Stored data entries
lemma card_le_2_if_no_increasing_triple:
  fixes A :: "'a::linorder set"
  assumes "finite A" and no_triple: "\<And>a b c. a \<in> A \<Longrightarrow> b \<in> A \<Longrightarrow> c \<in> A \<Longrightarrow> a < b \<Longrightarrow> b < c \<Longrightarrow> False"
  shows "card A \<le> 2"
proof (rule ccontr)
  assume "\<not> card A \<le> 2"
  then have "A \<noteq> {}"
    by auto
  have "card A - card {Min A, Max A} \<le> card (A - {Min A, Max A})"
    by (rule diff_card_le_card_Diff) simp
  moreover have "card {Min A, Max A} \<le> 2"
    by (simp add: card_insert_if)
  ultimately have "A - {Min A, Max A} \<noteq> {}"
    using \<open>\<not> card A \<le> 2\<close> by fastforce
  then obtain b where "b \<in> A" "b \<noteq> Min A" "b \<noteq> Max A"
    by blast
  then have "Min A < b" "b < Max A"
    using \<open>finite A\<close> by (simp_all add: order.not_eq_order_implies_strict)
  then show False
    using no_triple \<open>b \<in> A\<close> \<open>finite A\<close> \<open>A \<noteq> {}\<close> by (meson Max_in Min_in)
qed

lemma card_zero_cyc_traversals_le_2:
  assumes "3 \<le> n" and walk: "is_walk (cycle_verts n) (cycle_edges n) w"
    and irr: "\<forall>j<n. cyc_traversals n w j \<noteq> cyc_traversals n w (cyc_succ n (cyc_succ n j))"
  shows "card {j. j < n \<and> cyc_traversals n w j = 0} \<le> 2"
proof (rule card_le_2_if_no_increasing_triple)
  fix a b c assume "a \<in> {j. j < n \<and> cyc_traversals n w j = 0}" "b \<in> {j. j < n \<and> cyc_traversals n w j = 0}"
    "c \<in> {j. j < n \<and> cyc_traversals n w j = 0}" "a < b" "b < c"
  then have "b = Suc a" "c = Suc b" "cyc_traversals n w a = 0" "cyc_traversals n w c = 0" "c < n"
    using zero_cyc_traversals_adjacent[OF assms, of a b] zero_cyc_traversals_adjacent[OF assms, of b c]
    by auto
  then show False
    using irr[rule_format, of a] assms(1) by (simp add: cyc_succ_succ)
qed simp

lemma card_odd_even_eq_card_even_odd:
  fixes x :: "nat \<Rightarrow> nat"
  shows "card {j. j < n \<and> odd (x j) \<and> even (x (cyc_succ n j))}
    = card {j. j < n \<and> even (x j) \<and> odd (x (cyc_succ n j))}"
proof -
  let ?both = "\<lambda>j. if odd (x j) \<and> odd (x (cyc_succ n j)) then 1 else (0::nat)"
  have "(\<Sum>j<n. ?both j) + card {j. j < n \<and> odd (x j) \<and> even (x (cyc_succ n j))}
      = (\<Sum>j<n. if odd (x j) then 1 else 0)"
    unfolding card_Collect_less_eq_sum sum.distrib[symmetric] by (rule sum.cong) auto
  also have "\<dots> = (\<Sum>j<n. if odd (x (cyc_succ n j)) then 1 else 0)"
    by (rule sum_cyc_succ[symmetric])
  also have "\<dots> = (\<Sum>j<n. ?both j) + card {j. j < n \<and> even (x j) \<and> odd (x (cyc_succ n j))}"
    unfolding card_Collect_less_eq_sum sum.distrib[symmetric] by (rule sum.cong) auto
  finally show ?thesis
    by simp
qed

lemma card_odd_even_le_1:
  fixes x :: "nat \<Rightarrow> nat"
  assumes "card {v. v < n \<and> odd (x (cyc_pred n v) + x v)} \<le> 2"
  shows "card {j. j < n \<and> odd (x j) \<and> even (x (cyc_succ n j))} \<le> 1"
proof -
  define F where "F = {j. j < n \<and> odd (x j) \<and> even (x (cyc_succ n j))}"
  define R where "R = {j. j < n \<and> even (x j) \<and> odd (x (cyc_succ n j))}"
  have "card F + card R = card (F \<union> R)"
    by (rule card_Un_disjoint[symmetric]) (auto simp: F_def R_def)
  also have "\<dots> = card (cyc_succ n ` (F \<union> R))"
    by (rule card_image[symmetric], rule inj_on_subset[OF inj_on_cyc_succ]) (auto simp: F_def R_def)
  also have "\<dots> \<le> card {v. v < n \<and> odd (x (cyc_pred n v) + x v)}"
    by (rule card_mono) (auto simp: F_def R_def cyc_succ_lt cyc_pred_succ)
  finally show ?thesis
    using assms card_odd_even_eq_card_even_odd[of n x] unfolding F_def R_def by simp
qed

lemma card_ones_le:
  fixes x :: "nat \<Rightarrow> nat"
  assumes irr: "\<forall>j<n. x j \<noteq> x (cyc_succ n (cyc_succ n j))"
    and odd_vertices: "card {v. v < n \<and> odd (x (cyc_pred n v) + x v)} \<le> 2"
  shows "card {j. j < n \<and> x j = 1} \<le> card {j. j < n \<and> 3 \<le> x j} + 2"
proof -
  define F where "F = {j. j < n \<and> odd (x j) \<and> even (x (cyc_succ n j))}"
  define F' where "F' = {j. j < n \<and> cyc_succ n j \<in> F}"
  define B where "B = {j. j < n \<and> x j = 1 \<and> 3 \<le> x (cyc_succ n (cyc_succ n j))}"
  have "j \<in> B \<union> F \<union> F'" if "j < n" "x j = 1" for j
  proof -
    have "x (cyc_succ n (cyc_succ n j)) \<noteq> 1"
      using irr that by metis
    then have "3 \<le> x (cyc_succ n (cyc_succ n j)) \<or> even (x (cyc_succ n (cyc_succ n j)))"
      by presburger
    then show ?thesis
      using that cyc_succ_lt[OF \<open>j < n\<close>] by (auto simp: B_def F_def F'_def)
  qed
  then have "card {j. j < n \<and> x j = 1} \<le> card (B \<union> F \<union> F')"
    by (intro card_mono) (auto simp: B_def F_def F'_def)
  also have "\<dots> \<le> card B + card F + card F'"
    by (metis card_Un_le add_le_mono1 order_trans)
  also have "card F' \<le> card F"
    by (rule card_inj_on_le[of "cyc_succ n"], rule inj_on_subset[OF inj_on_cyc_succ])
      (auto simp: F_def F'_def)
  also have "card B \<le> card {j. j < n \<and> 3 \<le> x j}"
    by (rule card_inj_on_le[of "\<lambda>j. cyc_succ n (cyc_succ n j)"],
        rule comp_inj_on[OF _ inj_on_subset[OF inj_on_cyc_succ], unfolded comp_def],
        rule inj_on_subset[OF inj_on_cyc_succ]) (auto simp: B_def cyc_succ_lt)
  also have "card F \<le> 1"
    using card_odd_even_le_1[OF odd_vertices] by (simp add: F_def)
  finally show ?thesis
    by simp
qed

lemma cycle_sum_lower_bound:
  fixes x :: "nat \<Rightarrow> nat"
  assumes irr: "\<forall>j<n. x j \<noteq> x (cyc_succ n (cyc_succ n j))"
    and zeros: "card {j. j < n \<and> x j = 0} \<le> 2"
    and odd_vertices: "card {v. v < n \<and> odd (x (cyc_pred n v) + x v)} \<le> 2"
  shows "2 * n \<le> (\<Sum>j<n. x j) + 6"
proof -
  have "2 * n + card {j. j < n \<and> 3 \<le> x j} = (\<Sum>j<n. 2 + (if 3 \<le> x j then 1 else 0))"
    unfolding sum.distrib card_Collect_less_eq_sum by simp
  also have "\<dots> \<le> (\<Sum>j<n. x j + 2 * (if x j = 0 then 1 else 0) + (if x j = 1 then 1 else 0))"
    by (rule sum_mono) auto
  also have "\<dots> = (\<Sum>j<n. x j) + 2 * card {j. j < n \<and> x j = 0} + card {j. j < n \<and> x j = 1}"
    by (simp add: card_Collect_less_eq_sum sum.distrib sum_distrib_left)
  finally show ?thesis
    using zeros card_ones_le[OF irr odd_vertices] by linarith
qed

lemma irregularising_cycle_walk_length_ge:
  assumes "3 \<le> n" and irregular: "irregularising (cycle_verts n) (cycle_edges n) w"
  shows "2 * n \<le> walk_length w + 6"
proof -
  have walk: "is_walk (cycle_verts n) (cycle_edges n) w"
    using irregular by (simp add: irregularising_def)
  have irr: "\<forall>j<n. cyc_traversals n w j \<noteq> cyc_traversals n w (cyc_succ n (cyc_succ n j))"
    using irregular irregularising_cycle_iff[OF assms(1) walk] by blast
  show ?thesis
    using cycle_sum_lower_bound[OF irr card_zero_cyc_traversals_le_2[OF assms(1) walk irr]
        card_odd_incident_traversals_le_2[OF assms(1) walk]]
    by (simp add: sum_cyc_traversals_eq_walk_length[OF assms(1) walk])
qed

lemma irregularising_triangle_walk_length_ge:
  assumes irregular: "irregularising (cycle_verts 3) (cycle_edges 3) w"
  shows "3 \<le> walk_length w"
proof -
  let ?x = "cyc_traversals 3 w"
  have walk: "is_walk (cycle_verts 3) (cycle_edges 3) w"
    using irregular by (simp add: irregularising_def)
  have irr: "\<forall>j<3. ?x j \<noteq> ?x (cyc_succ 3 (cyc_succ 3 j))"
    using irregular irregularising_cycle_iff[OF _ walk] by simp
  have "?x 0 \<noteq> ?x 2" "?x 1 \<noteq> ?x 0" "?x 2 \<noteq> ?x 1"
    using irr[rule_format, of 0] irr[rule_format, of 1] irr[rule_format, of 2]
    by (simp_all add: cyc_succ_def numeral_2_eq_2)
  then have "3 \<le> ?x 0 + ?x 1 + ?x 2"
    by arith
  also have "\<dots> = walk_length w"
    using sum_cyc_traversals_eq_walk_length[OF _ walk] by (simp add: lessThan_nat_numeral)
  finally show ?thesis .
qed

section \<open>Walks of minimum length\<close>

lemma traversals_upt: "traversals [a..<b] {j, Suc j} = (if a \<le> j \<and> Suc j < b then 1 else 0)"
proof (induction b)
  case (Suc b)
  show ?case
  proof (cases "a < b")
    case True
    have "traversals [a..<Suc b] {j, Suc j}
        = traversals [a..<b] {j, Suc j} + (if {b - 1, b} = {j, Suc j} then 1 else 0)"
      using True by (simp add: traversals_append)
    moreover have "{b - 1, b} = {j, Suc j} \<longleftrightarrow> j = b - 1"
      using True by (auto simp: doubleton_eq_iff)
    ultimately show ?thesis
      using Suc.IH True by (simp del: upt_Suc) linarith
  next
    case False
    then show ?thesis
      by (cases "a = b") auto
  qed
qed simp

text \<open>The walk zigzag s e m goes down from s to 0, up to m with a detour j, j+1, j for every
  j with detour s e j, and down to e. For e = s + 4k + 2 its loads on the edges 0, ..., m - 1
  are 2^s (1 1 3 3)^k 1 1 2^(m - e).\<close>

definition detour :: "nat \<Rightarrow> nat \<Rightarrow> nat \<Rightarrow> bool" where
  "detour s e j \<longleftrightarrow> s \<le> j \<and> j < e \<and> 2 \<le> (j - s) mod 4"

definition sweep :: "nat \<Rightarrow> nat \<Rightarrow> nat \<Rightarrow> nat list" where
  "sweep s e k = concat (map (\<lambda>j. if detour s e j then [j, Suc j, j] else [j]) [0..<k])"

definition zigzag :: "nat \<Rightarrow> nat \<Rightarrow> nat \<Rightarrow> nat list" where
  "zigzag s e m = rev [1..<Suc s] @ sweep s e m @ rev [e..<Suc m]"

definition zigzag_load :: "nat \<Rightarrow> nat \<Rightarrow> nat \<Rightarrow> nat" where
  "zigzag_load s e j =
    (if j < s then 1 else 0) + (if detour s e j then 2 else 0) + 1 + (if e \<le> j then 1 else 0)"

lemma sweep_0 [simp]: "sweep s e 0 = []"
  by (simp add: sweep_def)

lemma sweep_Suc:
  "sweep s e (Suc k) = sweep s e k @ (if detour s e k then [k, Suc k, k] else [k])"
  by (simp add: sweep_def)

lemma sweep_eq_Nil_iff [simp]: "sweep s e k = [] \<longleftrightarrow> k = 0"
  by (cases k) (simp_all add: sweep_Suc)

lemma hd_sweep: "0 < k \<Longrightarrow> hd (sweep s e k) = 0"
  by (induction k) (auto simp: sweep_Suc hd_append)

lemma last_sweep: "0 < k \<Longrightarrow> last (sweep s e k) = k - 1"
  by (cases k) (simp_all add: sweep_Suc)

lemma set_sweep: "set (sweep s e k) \<subseteq> {..k}"
  by (induction k) (auto simp: sweep_Suc)

lemma length_sweep: "length (sweep s e k) = k + 2 * (\<Sum>j<k. if detour s e j then 1 else 0)"
  by (induction k) (simp_all add: sweep_Suc)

WHAT TO DO: Which lines of the data contain the string "that"? Copy each of them.

EXERCISE SOLUTION:
      using irr that by metis
      using that cyc_succ_lt[OF \<open>j < n\<close>] by (auto simp: B_def F_def F'_def)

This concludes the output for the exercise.